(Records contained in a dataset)

lemma additive_delta_polynomial_linear_operator:
  fixes h \<delta> :: "'a::idom \<Rightarrow> 'a" and cf :: "(avar \<Rightarrow> nat) \<Rightarrow> 'a"
  assumes inj: "inj (of_nat :: nat \<Rightarrow> 'a)" and unit: "\<And>x::'a. x \<noteq> 0 \<Longrightarrow> x dvd 1"
    and \<delta>: "is_derivation \<delta>" and add: "Modules.additive h" and h1: "h 1 = 0"
    and fin: "finite {e. cf e \<noteq> 0}"
    and ord: "\<forall>e v. cf e \<noteq> 0 \<and> e v \<noteq> 0 \<longrightarrow> avar_ord v \<le> m"
    and rep: "\<And>c. c \<noteq> 0 \<Longrightarrow> h c = c * (\<Sum>e\<in>{e. cf e \<noteq> 0}. cf e * mon_eval e (aassign \<delta> c))"
  obtains b where "\<And>s. h s = (\<Sum>i\<le>m. b i * (\<delta> ^^ i) s)"
proof -
  define E where "E = {e. cf e \<noteq> 0}"
  define N where "N = (\<Sum>e\<in>E. e AInv)"
  define I where "I = {1..m}"
  define k where "k e = N + 1 - e AInv + e (AD 0)" for e
  define c0 where "c0 e = (\<Prod>i\<in>I. (0::'a) ^ e (AD i))" for e
  define w where "w e i = of_nat (e (AD i)) * (0::'a) ^ (e (AD i) - 1) * (\<Prod>j\<in>I - {i}. 0 ^ e (AD j))"
    for e i
  define b where "b i = (if i = 0 then \<Sum>e\<in>E. cf e * of_nat (k e) * c0 e else \<Sum>e\<in>E. cf e * w e i)"
    for i
  have N: "e AInv \<le> N" if "cf e \<noteq> 0" for e
    unfolding N_def using fin that by (auto intro: member_le_sum simp: E_def)
  have split: "{..m} = insert 0 I"
    by (auto simp: I_def)
  have "h s = (\<Sum>i\<le>m. b i * (\<delta> ^^ i) s)" for s
  proof (cases "s = 0")
    case True
    then show ?thesis
      using additive.zero[OF add] additive.zero[OF additive_funpow[OF is_derivation_additive[OF \<delta>]]]
      by simp
  next
    case False
    have "h s = (\<Sum>e\<in>{e. cf e \<noteq> 0}. cf e * coeff ([:1, s:] ^ (N + 1 - e AInv + e (AD 0))
        * (\<Prod>i\<in>{1..m}. [:0, (\<delta> ^^ i) s:] ^ e (AD i))) 1)"
      by (rule additive_delta_polynomial_eq_coeff[OF inj unit \<delta> add h1 ord _ rep False]) (assumption | erule N)+
    also have "\<dots> = (\<Sum>e\<in>E. cf e * coeff ([:1, s:] ^ k e * (\<Prod>i\<in>I. [:0, (\<delta> ^^ i) s:] ^ e (AD i))) 1)"
      unfolding E_def I_def k_def ..
    also have "\<dots> = (\<Sum>e\<in>E. cf e * ((\<Sum>i\<in>I. w e i * (\<delta> ^^ i) s) + of_nat (k e) * s * c0 e))"
      unfolding coeff_1_line_product[OF finite_atLeastAtMost[of 1 m, folded I_def]] w_def c0_def
      by (simp add: mult.assoc)
    also have "\<dots> = (\<Sum>e\<in>E. cf e * of_nat (k e) * c0 e) * s + (\<Sum>i\<in>I. (\<Sum>e\<in>E. cf e * w e i) * (\<delta> ^^ i) s)"
      by (simp add: distrib_left sum.distrib sum_distrib_left sum_distrib_right sum.swap[of _ E I]
          algebra_simps)
    also have "\<dots> = b 0 * s + (\<Sum>i\<in>I. b i * (\<delta> ^^ i) s)"
      by (simp add: b_def I_def)
    also have "\<dots> = (\<Sum>i\<le>m. b i * (\<delta> ^^ i) s)"
      unfolding split by (simp add: I_def)
    finally show ?thesis .
  qed
  then show thesis
    by (rule that)
qed

text \<open>Test \<open>h\<close> on the powers of a unit \<open>y\<close> with \<open>\<delta> y = y\<close>: \<open>h (y ^ k) = S k * y ^ k\<close> with
  \<open>S k = \<Sum>i b i k\<^sup>i\<close>, and the Leibniz rule forces \<open>S (k + 1) = S k + S 1\<close>, so the polynomial \<open>S\<close>
  is linear without constant term.\<close>
lemma linear_operator_eq_const_mult_derivation:
  fixes h \<delta> :: "'a::idom \<Rightarrow> 'a"
  assumes inj: "inj (of_nat :: nat \<Rightarrow> 'a)" and \<delta>: "is_derivation \<delta>" and h: "unit_derivation h"
    and lin: "\<And>s. h s = (\<Sum>i\<le>m. b i * (\<delta> ^^ i) s)"
    and exp: "\<delta> y = y" and y: "y dvd 1"
  shows "\<exists>\<kappa>. \<forall>x. h x = \<kappa> * \<delta> x"
proof -
  have \<delta>_power: "\<delta> (y ^ k) = of_nat k * y ^ k" for k
    using exp unit_derivation_power[OF is_derivation_unit_derivation[OF \<delta>] y, of "k - 1"]
      is_derivation_1[OF \<delta>] by (cases k) simp_all
  have funpow_power: "(\<delta> ^^ i) (y ^ k) = of_nat k ^ i * y ^ k" for i k
  proof (induction i)
    case (Suc i)
    have "(\<delta> ^^ Suc i) (y ^ k) = \<delta> (of_nat (k ^ i) * y ^ k)"
      using Suc by simp
    also have "\<dots> = of_nat (k ^ i) * (of_nat k * y ^ k)"
      by (simp only: additive_of_nat_mult[OF is_derivation_additive[OF \<delta>]] \<delta>_power)
    finally show ?case
      by (simp add: algebra_simps)
  qed simp
  define S where "S k = (\<Sum>i\<le>m. b i * of_nat k ^ i)" for k
  have h_power: "h (y ^ k) = S k * y ^ k" for k
    unfolding lin S_def funpow_power sum_distrib_right by (simp add: algebra_simps)
  have y0: "y \<noteq> 0"
    using y by auto
  have S_Suc: "S (Suc k) = S k + S 1" for k
  proof -
    have "S (Suc k) * y ^ Suc k = y * h (y ^ k) + y ^ k * h y"
      using h_power[of "Suc k"] unit_derivation_unit_mult[OF h y, of "y ^ k"] by simp
    also have "\<dots> = (S k + S 1) * y ^ Suc k"
      using h_power[of k] h_power[of 1] by (simp add: algebra_simps)
    finally show ?thesis
      using y0 by simp
  qed
  have S0: "S 0 = 0"
    using S_Suc[of 0] by simp
  have S_linear: "S k = of_nat k * S 1" for k
  proof (induction k)
    case (Suc k)
    then show ?case
      using S_Suc[of k] by (simp add: algebra_simps)
  qed (simp add: S0)
  define P where "P = (\<Sum>i\<le>m. monom (b i) i) - [:0, S 1:]"
  have "P = 0"
  proof (rule poly_eq_0_if_cofinite_nat_roots[OF inj, of "{}"])
    show "poly P (of_nat k) = 0" for k
      using S_linear[of k] unfolding P_def S_def by (simp add: poly_sum poly_monom algebra_simps)
  qed simp
  have "S 0 = b 0"
    unfolding S_def by (induction m) simp_all
  with S0 have b0: "b 0 = 0"
    by simp
  have b_high: "b i = 0" if "2 \<le> i" "i \<le> m" for i
  proof -
    have "coeff (\<Sum>j\<le>m. monom (b j) j) i = b i"
      using that by (simp add: coeff_sum)
    moreover have "coeff [:0, S 1:] i = 0"
      using that by (cases i; cases "i - 1") auto
    ultimately show ?thesis
      using \<open>P = 0\<close> unfolding P_def by (metis coeff_diff coeff_0 diff_zero)
  qed
  have "h x = (if 1 \<le> m then b 1 else 0) * \<delta> x" for x
  proof -
    have "b i * (\<delta> ^^ i) x = (if i = 1 then b 1 * \<delta> x else 0)" if "i \<le> m" for i
      using b0 b_high[OF _ that] by (cases "i = 0"; cases "i = 1") auto
    then have "h x = (\<Sum>i\<le>m. if i = 1 then b 1 * \<delta> x else 0)"
      unfolding lin by (intro sum.cong) auto
    then show ?thesis
      by simp
  qed
  then show ?thesis
    by blast
qed

lemma delta_alg_unit_derivation_eq_const_mult:
  fixes \<delta> h g :: "'a::idom \<Rightarrow> 'a"
  assumes setting: "delta_alg_setting \<delta>" and h: "unit_derivation h"
    and g: "delta_fun1 Alg \<delta> g" and hg: "\<And>c. c dvd 1 \<Longrightarrow> h c = c * g c"
  shows "\<exists>\<kappa>. \<forall>x. h x = \<kappa> * \<delta> x"
proof -
  have inj: "inj (of_nat :: nat \<Rightarrow> 'a)"
    by (rule inj_of_nat_if_of_nat_Suc_neq_0[OF delta_alg_of_nat_Suc[OF setting]])
  have unit: "x \<noteq> 0 \<Longrightarrow> x dvd 1" for x :: 'a
    by (rule delta_alg_unit[OF setting])
  have \<delta>: "is_derivation \<delta>"
    by (rule delta_alg_derivation[OF setting])
  obtain cf :: "(avar \<Rightarrow> nat) \<Rightarrow> 'a" and m where fin: "finite {e. cf e \<noteq> 0}"
      and ord: "\<forall>e v. cf e \<noteq> 0 \<and> e v \<noteq> 0 \<longrightarrow> avar_ord v \<le> m"
      and g_eq: "\<forall>a. a dvd 1 \<longrightarrow> g a = (\<Sum>e\<in>{e. cf e \<noteq> 0}. cf e * mon_eval e (aassign \<delta> a))"
    using g unfolding delta_fun1_def admissible_def series_eval_def by auto
  have rep: "h c = c * (\<Sum>e\<in>{e. cf e \<noteq> 0}. cf e * mon_eval e (aassign \<delta> c))" if "c \<noteq> 0" for c
    using hg[OF unit[OF that]] g_eq unit[OF that] by simp
  obtain b where "\<And>s. h s = (\<Sum>i\<le>m. b i * (\<delta> ^^ i) s)"
    using additive_delta_polynomial_linear_operator[OF inj unit \<delta> unit_derivation_additive[OF h]
        unit_derivation_1[OF h] fin ord rep] by blast
  moreover obtain y where "\<delta> y = y" and "y \<noteq> 0"
    by (rule delta_alg_exp_exists[OF setting])
  ultimately show ?thesis
    using linear_operator_eq_const_mult_derivation[OF inj \<delta> h] unit by blast
qed

section \<open>Normal forms\<close>

context beta_cocycle
begin

lemma normal_form_arith:
  fixes \<delta> :: "'a \<Rightarrow> 'a"
  assumes "delta_arith_setting p \<delta>"
  shows "(\<forall>a. a dvd 1 \<longrightarrow> \<psi> a = 0) \<and>
    (\<exists>\<mu> :: 'a ^ 'm. \<exists>\<nu> :: 'a ^ 'm ^ 'm. \<forall>a b. a dvd 1 \<longrightarrow>
       \<beta> a b = (1 - a) *s \<mu> + (uinv a * vdot b lam) *s b + b v* \<nu>)"
  using normal_form_if_defect_zero[OF delta_arith_two_unit[OF assms]
      unit_derivation_eq_0_arith[OF assms unit_derivation_defect]] .

lemma normal_form_alg:
  fixes \<delta> :: "'a \<Rightarrow> 'a"
  assumes alg: "delta_alg_setting \<delta>" and psi: "\<And>j k. delta_fun1 Alg \<delta> (\<lambda>a. \<psi> a $ j $ k)"
  shows "\<exists>\<mu> :: 'a ^ 'm. \<exists>\<nu> \<eta> :: 'a ^ 'm ^ 'm. \<forall>a b. a dvd 1 \<longrightarrow>
    \<psi> a = (\<chi> i j. - (uinv a * \<delta> a) * \<nu> $ i $ j) \<and>
    \<beta> a b = (1 - a) *s \<mu> + (uinv a * vdot b lam) *s b + b v* \<eta>
      + a *s ((\<chi> j. \<delta> ((uinv a *s b) $ j)) v* \<nu>)"
proof -
  have "\<exists>\<kappa>. \<forall>x. defect j k x = \<kappa> * \<delta> x" for j k
    by (rule delta_alg_unit_derivation_eq_const_mult[OF alg unit_derivation_defect psi defect_unit])
  then obtain K where "\<And>j k x. defect j k x = K j k * \<delta> x"
    by metis
  moreover have "(2::'a) dvd 1"
    using delta_alg_unit[OF alg] delta_alg_of_nat_Suc[OF alg, of 1] by simp
  ultimately show ?thesis
    using normal_form_if_defect_multiple_of_derivation[OF _ delta_alg_derivation[OF alg]] by blast
qed

end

§ **Brief**
Begin at the line that has "finally show ?case" in the entries above; stop after the line that has "fixes \<delta> h". Transcribe exactly those lines and no others.

§ **Reply to the task**
    finally show ?case
      by (simp add: algebra_simps)
  qed simp
  define S where "S k = (\<Sum>i\<le>m. b i * of_nat k ^ i)" for k
  have h_power: "h (y ^ k) = S k * y ^ k" for k
    unfolding lin S_def funpow_power sum_distrib_right by (simp add: algebra_simps)
  have y0: "y \<noteq> 0"
    using y by auto
  have S_Suc: "S (Suc k) = S k + S 1" for k
  proof -
    have "S (Suc k) * y ^ Suc k = y * h (y ^ k) + y ^ k * h y"
      using h_power[of "Suc k"] unit_derivation_unit_mult[OF h y, of "y ^ k"] by simp
    also have "\<dots> = (S k + S 1) * y ^ Suc k"
      using h_power[of k] h_power[of 1] by (simp add: algebra_simps)
    finally show ?thesis
      using y0 by simp
  qed
  have S0: "S 0 = 0"
    using S_Suc[of 0] by simp
  have S_linear: "S k = of_nat k * S 1" for k
  proof (induction k)
    case (Suc k)
    then show ?case
      using S_Suc[of k] by (simp add: algebra_simps)
  qed (simp add: S0)
  define P where "P = (\<Sum>i\<le>m. monom (b i) i) - [:0, S 1:]"
  have "P = 0"
  proof (rule poly_eq_0_if_cofinite_nat_roots[OF inj, of "{}"])
    show "poly P (of_nat k) = 0" for k
      using S_linear[of k] unfolding P_def S_def by (simp add: poly_sum poly_monom algebra_simps)
  qed simp
  have "S 0 = b 0"
    unfolding S_def by (induction m) simp_all
  with S0 have b0: "b 0 = 0"
    by simp
  have b_high: "b i = 0" if "2 \<le> i" "i \<le> m" for i
  proof -
    have "coeff (\<Sum>j\<le>m. monom (b j) j) i = b i"
      using that by (simp add: coeff_sum)
    moreover have "coeff [:0, S 1:] i = 0"
      using that by (cases i; cases "i - 1") auto
    ultimately show ?thesis
      using \<open>P = 0\<close> unfolding P_def by (metis coeff_diff coeff_0 diff_zero)
  qed
  have "h x = (if 1 \<le> m then b 1 else 0) * \<delta> x" for x
  proof -
    have "b i * (\<delta> ^^ i) x = (if i = 1 then b 1 * \<delta> x else 0)" if "i \<le> m" for i
      using b0 b_high[OF _ that] by (cases "i = 0"; cases "i = 1") auto
    then have "h x = (\<Sum>i\<le>m. if i = 1 then b 1 * \<delta> x else 0)"
      unfolding lin by (intro sum.cong) auto
    then show ?thesis
      by simp
  qed
  then show ?thesis
    by blast
qed

lemma delta_alg_unit_derivation_eq_const_mult:
  fixes \<delta> h g :: "'a::idom \<Rightarrow> 'a"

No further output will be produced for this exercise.